Sandy reminds us science plays a role in safety too

This post contributed by Terence Houston, ESA Science Policy Analyst As noted in a previous EcoTone post, science plays an important role in hurricane monitoring efforts. The collaborative work of the US Geological Survey (USGS), the National Oceanic Atmospheric Administration (NOAA) and the Federal Emergency Management Agency (FEMA) help to monitor water levels in our nation’s waterways, landscape changes and warn local communities of impending natural disasters. As Hurricane Sandy, the most recent violent weather event to hit the nation highlighted, the livelihoods of millions of Americans are dependent upon these agencies to function quickly and effectively. This rapid response capability would severely be jeopardized by impending discretionary spending cuts set to take effect in January. The White House recently released a report outlining the likely impact these cuts would have on these programs. Overall, critical non-defense discretionary programs would receive an across-the-board 8.2 percent cut. USGS funding would be cut by an estimated $88 million. These cuts would severely hamper the agency’s ability to monitor land and water changes before and after an extreme weather event. Prior to Sandy’s landfall, USGS deployed over 150 storm-surge sensors along the mid-Atlantic coast that measure water elevation at 30 second intervals. The information gathered from these sensors will help the agency assess storm damage and forecast future coastal change. Just this week, the agency issued a landslide alert for parts of DC, Maryland, Southern Pennsylvania and Northern Virginia. For NOAA the cuts could mean a $182 million reduction for its weather satellite programs, which could exacerbate the potential for serious gaps in weather collection data.

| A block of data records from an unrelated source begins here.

theorem lemma4p1:
  fixes M :: "'a::euclidean_space set"
    and fam finv :: "'w::metric_space \<Rightarrow> 'a \<Rightarrow> 'a"
    and \<omega>f :: 'w
    and \<theta> :: "real \<Rightarrow> 'w measure"
    and Ecu0 Ecs0 :: "'a \<Rightarrow> 'a set"
    and \<epsilon>0 :: real
    and Ecu Ecs :: "(int \<Rightarrow> 'w) \<Rightarrow> 'a \<Rightarrow> 'a set"
    and \<alpha> \<beta> :: real
    and \<mu>s :: "nat \<Rightarrow> ((int \<Rightarrow> 'w) \<times> 'a) measure"
    and \<mu> :: "((int \<Rightarrow> 'w) \<times> 'a) measure"
  assumes M_compact: "compact M" and M_ne: "M \<noteq> {}"
    and M_manifold: "C2_submanifold M TYPE('d::euclidean_space)"
    and perturbation: "regular_random_perturbation M TYPE('d) fam finv \<omega>f \<theta>"
    and dominated: "dominated_splitting M fam finv \<omega>f Ecu0 Ecs0"
    and eps0: "\<epsilon>0 > 0"
    and splitting: "random_splitting M fam (Omega \<theta> \<epsilon>0) Ecu Ecs"
    and alpha_beta: "0 < \<alpha>" "\<alpha> < \<beta>"
    and mu_n: "\<And>n. prob_on (Omega \<theta> \<epsilon>0 \<times> M) (\<mu>s n)"
    and mu_n_inv: "\<And>n. invariant_on (Omega \<theta> \<epsilon>0 \<times> M) (skewF fam) (\<mu>s n)"
    and mu: "prob_on (Omega \<theta> \<epsilon>0 \<times> M) \<mu>"
    and conv: "weak_star_conv (Omega \<theta> \<epsilon>0 \<times> M) \<mu>s \<mu>"
    and exps: "AE p in \<mu>. p \<in> Omega \<theta> \<epsilon>0 \<times> M \<longrightarrow>
        (\<exists>L. ((\<lambda>n. ln (rnorm (Dfiter fam finv (fst p) (- int n) (snd p)) (Ecu (fst p) (snd p))) / real n)
                \<longlonglongrightarrow> L) \<and> L < - \<beta>) \<and>
        (\<exists>L. ((\<lambda>n. ln (rnorm (Dfiter fam finv (fst p) (int n) (snd p)) (Ecs (fst p) (snd p))) / real n)
                \<longlonglongrightarrow> L) \<and> L < - \<beta>)"
  shows "\<forall>eta. 0 < eta \<and> eta < 1 \<longrightarrow> (\<exists>l0::nat. \<forall>l\<ge>l0.
           liminf (\<lambda>n. ereal (measure (\<mu>s n) (Kset M fam finv (Omega \<theta> \<epsilon>0) Ecu Ecs l \<beta>)))
             > ereal (1 - eta))"
proof (intro allI impI)
  fix eta :: real assume eta: "0 < eta \<and> eta < 1"
  define h where "h l p = max (rnorm (Dfiter fam finv (fst p) (int l) (snd p)) (Ecs (fst p) (snd p)))
    (rnorm (Dfiter fam finv (fst p) (- int l) (snd p)) (Ecu (fst p) (snd p)))" for l p
  have fam: "diff2_family M fam finv"
    using perturbation by (simp add: regular_random_perturbation_def)
  have h_cont: "continuous_on (Omega \<theta> \<epsilon>0 \<times> M) (h l)" for l
    unfolding h_def
    by (intro continuous_on_max continuous_on_rnorm_Dfiter_Ecs[OF fam splitting]
        continuous_on_rnorm_Dfiter_Ecu[OF fam splitting])
  have "AE p in \<mu>. p \<in> Omega \<theta> \<epsilon>0 \<times> M \<longrightarrow> (\<forall>\<^sub>F l in sequentially. h l p < exp (- \<beta> * real l))"
    using exps by eventually_elim
      (auto simp: h_def dest!: eventually_less_exp_of_growth_rate intro: eventually_conj elim: eventually_mono)
  from liminf_measure_sublevel_sets_gt[OF mu_n mu conv h_cont this, of "1 - eta"]
  obtain l0 where "\<forall>l\<ge>l0. ereal (1 - eta) < liminf (\<lambda>n. ereal (measure (\<mu>s n)
      {p \<in> Omega \<theta> \<epsilon>0 \<times> M. h l p \<le> exp (- \<beta> * real l)}))"
    using eta by auto
  moreover have "Kset M fam finv (Omega \<theta> \<epsilon>0) Ecu Ecs l \<beta>
      = {p \<in> Omega \<theta> \<epsilon>0 \<times> M. h l p \<le> exp (- \<beta> * real l)}" for l
    by (auto simp: Kset_def h_def)
  ultimately show "\<exists>l0. \<forall>l\<ge>l0. liminf (\<lambda>n. ereal (measure (\<mu>s n) (Kset M fam finv (Omega \<theta> \<epsilon>0) Ecu Ecs l \<beta>)))
      > ereal (1 - eta)"
    by auto
qed
(* Let $\mathcal G$ be the game induced by an SG-LCS, $x\in\{0,1\}$, and let $T\subseteq S$ be a regular set of configurations. There exist regular SG-LCS strategies $\mathtt{force}^x(\mathcal G,T)$ for Player $x$ and $\mathtt{avoid}^{1-x}(\mathcal G,T)$ for Player $1-x$ such that $\mathrm{Force}^x(\mathcal G,T)\subseteq W^x(\widehat{\mathtt{force}^x(\mathcal G,T)},F^{1-x}_{all}(\mathcal G))(\mathcal G,(\Diamond T)^{>0})$ and $\mathrm{Avoid}^{1-x}(\mathcal G,T)\subseteq V^{1-x}(\widehat{\mathtt{avoid}^{1-x}(\mathcal G,T)},F^{x}_{all}(\mathcal G))(\mathcal G,\Box(S\setminus T))$.
   Context: An SG-LCS is a tuple $\mathcal L=(\mathtt S,\mathtt S^0,\mathtt S^1,\mathtt C,\mathtt M,\mathtt T,\lambda,\mathrm{Col})$: $\mathtt S$ finite set of control states partitioned into $\mathtt S^0,\mathtt S^1$; $\mathtt C$ finite set of channels; $\mathtt M$ finite message alphabet; $\mathtt T$ finite set of transitions $\mathtt s\xrightarrow{op}\mathtt s'$ with $op\in\{c!m,c?m,\mathtt{nop}\}$; $0<\lambda<1$; $\mathrm{Col}$ a coloring of control states. The induced game $\mathcal G=(S,S^0,S^1,S^R,\to,P,\mathrm{Col})$ has $S=\mathtt S\times(\mathtt M^* )^{\mathtt C}\times\{0,1\}$, $S^x=\mathtt S^x\times(\mathtt M^* )^{\mathtt C}\times\{1\}$, $S^R=\mathtt S\times(\mathtt M^* )^{\mathtt C}\times\{0\}$; $(\mathtt s,\mathtt x,1)\to(\mathtt s',\mathtt x',0)$ iff there is $\mathtt s\xrightarrow{op}\mathtt s'$ in $\mathtt T$ with $\mathtt x'=\mathtt x$ if $op=\mathtt{nop}$, $\mathtt x'=\mathtt x[c\mapsto\mathtt x(c)\cdot m]$ if $op=c!m$, $\mathtt x(c)=m\cdot w$ and $\mathtt x'=\mathtt x[c\mapsto w]$ if $op=c?m$ (if no such successor, $(\mathtt s,\mathtt x,1)\to(\mathtt s,\mathtt x,0)$ is added); $(\mathtt s,\mathtt x,0)\to(\mathtt s,\mathtt x',1)$ for every componentwise subword $\mathtt x'$ of $\mathtt x$, with probability $P$ induced by losing each message independently with probability $\lambda$. Write $\mathrm{Pre}(Q)=\{s:\exists s'\in Q,\ s\to s'\}$, $\widetilde{\mathrm{Pre}}(Q)=S\setminus\mathrm{Pre}(S\setminus Q)$. Force sets: $R_0=T$, $R_{\alpha+1}=R_\alpha\cup(S^R\cap\mathrm{Pre}(R_\alpha))\cup(S^x\cap\mathrm{Pre}(R_\alpha))\cup(S^{1-x}\cap\widetilde{\mathrm{Pre}}(R_\alpha))$, $R_\lambda=\bigcup_{\alpha<\lambda}R_\alpha$; with $\gamma$ least such that $R_{\gamma+1}=R_\gamma$, $\mathrm{Force}^x(\mathcal G,T)=R_\gamma$ and $\mathrm{Avoid}^{1-x}(\mathcal G,T)=S\setminus R_\gamma$. A set of channel contents is regular if it is a finite union of products $\prod_cL_c$ of regular languages; a set of configurations $P$ is regular if each $\{\mathtt x:(\mathtt s,\mathtt x,i)\in P\}$ is regular. A regular SG-LCS strategy for Player $y$ is a finite list of guarded rules $(\mathtt s_i,X_i\xrightarrow{op_i}\mathtt s_i')$ with $X_i$ regular, $\mathtt s_i\xrightarrow{op_i}\mathtt s_i'\in\mathtt T$, $\mathtt s_i\in\mathtt S^y$, if $op_i=c?m$ then every $\mathtt x\in X_i$ has $\mathtt x(c)$ beginning with $m$, and guards with the same control state disjoint; its induced memoryless partial strategy $\hat{\mathtt f}$ maps $(\mathtt s_i,\mathtt x,1)$ with $\mathtt x\in X_i$ to the configuration reached via $\mathtt s_i\xrightarrow{op_i}\mathtt s_i'$, undefined elsewhere. Strategies of Player $y$ are partial functions from finite paths ending in $S^y$ to successors; $F^y_{all}(\mathcal G)$ is the set of all of them. For total strategies and initial configuration $s$, $\mathcal P_{\mathcal G,s,f^0,f^1}$ is the induced probability measure on runs; for partial strategies a probability statement must hold for all total extensions. $W^x(f,F)(\mathcal G,\varphi^{>0})=\{s:\mathcal P_{\mathcal G,s,f,g}(\varphi)>0$ for all total $g\in F\}$; $V^{y}(f,F)(\mathcal G,\varphi)$ is the set of $s$ such that for all $g\in F$ every run from $s$ consistent with $f$ and $g$ satisfies $\varphi$. $\Diamond T$: the run visits $T$; $\Box Q$: the run stays in $Q$. *)

theory Defs
  imports "HOL-Probability.Probability" "HOL-Library.Sublist"
begin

According to a recent report spearheaded by the Wilderness Society, the cuts would also lead to reductions in NOAA’s coastal management program, resulting in layoffs for coastal management practitioners and scientists, which would impede habitat restoration efforts for our nation’s coasts and wetlands.  Data collected by NOAA’s National Weather Service help inform disaster response efforts, coordinated at the national level by FEMA. We sometimes overlook the fact that many non-defense environmental science agencies like NOAA and USGS also play critical roles in protecting Americans. Photo credit: David...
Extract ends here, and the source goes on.